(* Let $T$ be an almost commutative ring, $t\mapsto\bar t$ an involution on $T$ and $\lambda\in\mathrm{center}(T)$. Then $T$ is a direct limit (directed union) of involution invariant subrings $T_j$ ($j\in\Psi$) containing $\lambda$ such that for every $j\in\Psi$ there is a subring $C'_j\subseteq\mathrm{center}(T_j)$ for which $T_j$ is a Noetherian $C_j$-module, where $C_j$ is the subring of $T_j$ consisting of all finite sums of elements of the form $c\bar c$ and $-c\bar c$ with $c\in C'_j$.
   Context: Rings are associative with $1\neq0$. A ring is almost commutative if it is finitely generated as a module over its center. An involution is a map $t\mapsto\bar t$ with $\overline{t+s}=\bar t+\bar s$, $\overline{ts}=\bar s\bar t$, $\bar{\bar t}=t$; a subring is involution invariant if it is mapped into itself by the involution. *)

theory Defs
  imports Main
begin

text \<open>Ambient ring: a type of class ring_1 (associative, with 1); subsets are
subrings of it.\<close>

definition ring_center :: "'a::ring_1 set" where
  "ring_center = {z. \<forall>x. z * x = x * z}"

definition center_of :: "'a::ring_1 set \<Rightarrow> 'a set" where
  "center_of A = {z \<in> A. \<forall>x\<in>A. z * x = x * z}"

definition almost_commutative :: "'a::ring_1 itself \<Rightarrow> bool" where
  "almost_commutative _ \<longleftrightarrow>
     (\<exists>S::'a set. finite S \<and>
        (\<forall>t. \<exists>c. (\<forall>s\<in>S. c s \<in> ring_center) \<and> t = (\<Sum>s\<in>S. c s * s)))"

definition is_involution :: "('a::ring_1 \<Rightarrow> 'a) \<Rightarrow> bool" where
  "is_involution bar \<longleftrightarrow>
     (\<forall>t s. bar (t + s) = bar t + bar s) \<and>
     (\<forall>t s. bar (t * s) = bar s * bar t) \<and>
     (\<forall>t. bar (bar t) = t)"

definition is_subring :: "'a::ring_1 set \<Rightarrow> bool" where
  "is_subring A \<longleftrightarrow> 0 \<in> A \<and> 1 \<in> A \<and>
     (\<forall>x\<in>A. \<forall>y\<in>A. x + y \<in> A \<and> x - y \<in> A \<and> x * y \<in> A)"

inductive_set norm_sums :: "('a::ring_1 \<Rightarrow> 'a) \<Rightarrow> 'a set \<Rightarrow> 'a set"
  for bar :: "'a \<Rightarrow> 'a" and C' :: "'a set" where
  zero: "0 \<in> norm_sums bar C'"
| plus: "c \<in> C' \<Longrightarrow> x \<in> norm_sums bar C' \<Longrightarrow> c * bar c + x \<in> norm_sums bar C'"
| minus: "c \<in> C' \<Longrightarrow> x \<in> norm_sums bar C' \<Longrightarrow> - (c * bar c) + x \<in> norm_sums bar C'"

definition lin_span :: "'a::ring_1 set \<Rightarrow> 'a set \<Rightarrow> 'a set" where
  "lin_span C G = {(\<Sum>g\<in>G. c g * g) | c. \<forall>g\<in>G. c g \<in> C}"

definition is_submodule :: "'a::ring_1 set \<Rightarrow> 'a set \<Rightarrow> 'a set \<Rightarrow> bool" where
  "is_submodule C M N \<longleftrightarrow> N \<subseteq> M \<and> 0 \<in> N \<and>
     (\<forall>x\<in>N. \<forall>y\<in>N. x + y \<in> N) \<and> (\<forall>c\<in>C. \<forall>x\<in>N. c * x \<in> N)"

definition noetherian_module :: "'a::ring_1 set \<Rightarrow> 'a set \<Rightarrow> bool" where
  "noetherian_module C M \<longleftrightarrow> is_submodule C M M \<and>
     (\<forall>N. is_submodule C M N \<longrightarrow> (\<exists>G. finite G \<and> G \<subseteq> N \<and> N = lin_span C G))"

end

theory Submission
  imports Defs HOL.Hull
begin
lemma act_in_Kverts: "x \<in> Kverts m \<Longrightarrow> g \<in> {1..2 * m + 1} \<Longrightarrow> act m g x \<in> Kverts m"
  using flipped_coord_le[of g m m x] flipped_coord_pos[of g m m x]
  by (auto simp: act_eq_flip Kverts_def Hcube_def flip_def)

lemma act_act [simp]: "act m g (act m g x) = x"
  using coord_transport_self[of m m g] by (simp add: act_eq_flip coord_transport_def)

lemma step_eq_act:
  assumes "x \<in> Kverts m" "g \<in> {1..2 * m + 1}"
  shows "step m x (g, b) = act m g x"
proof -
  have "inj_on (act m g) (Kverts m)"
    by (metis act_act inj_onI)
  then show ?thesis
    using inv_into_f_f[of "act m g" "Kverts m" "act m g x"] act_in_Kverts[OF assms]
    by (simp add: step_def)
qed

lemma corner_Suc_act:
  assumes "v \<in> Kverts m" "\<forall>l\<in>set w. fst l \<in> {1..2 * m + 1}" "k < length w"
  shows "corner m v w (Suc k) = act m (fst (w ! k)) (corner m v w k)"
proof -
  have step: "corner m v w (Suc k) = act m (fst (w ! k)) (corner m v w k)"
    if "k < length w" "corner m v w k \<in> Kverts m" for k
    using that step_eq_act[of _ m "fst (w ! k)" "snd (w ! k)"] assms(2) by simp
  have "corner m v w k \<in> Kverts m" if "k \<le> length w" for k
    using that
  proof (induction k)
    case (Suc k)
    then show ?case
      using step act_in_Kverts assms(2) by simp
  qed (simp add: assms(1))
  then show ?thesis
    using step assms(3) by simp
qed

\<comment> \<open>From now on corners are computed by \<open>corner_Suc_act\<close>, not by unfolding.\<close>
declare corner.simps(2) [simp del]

* **What this task involves**
Take every line of the material that contains the word "assms", and copy it.

* **Final answer**
    using inv_into_f_f[of "act m g" "Kverts m" "act m g x"] act_in_Kverts[OF assms]
    using that step_eq_act[of _ m "fst (w ! k)" "snd (w ! k)"] assms(2) by simp
      using step act_in_Kverts assms(2) by simp
  qed (simp add: assms(1))
    using step assms(3) by simp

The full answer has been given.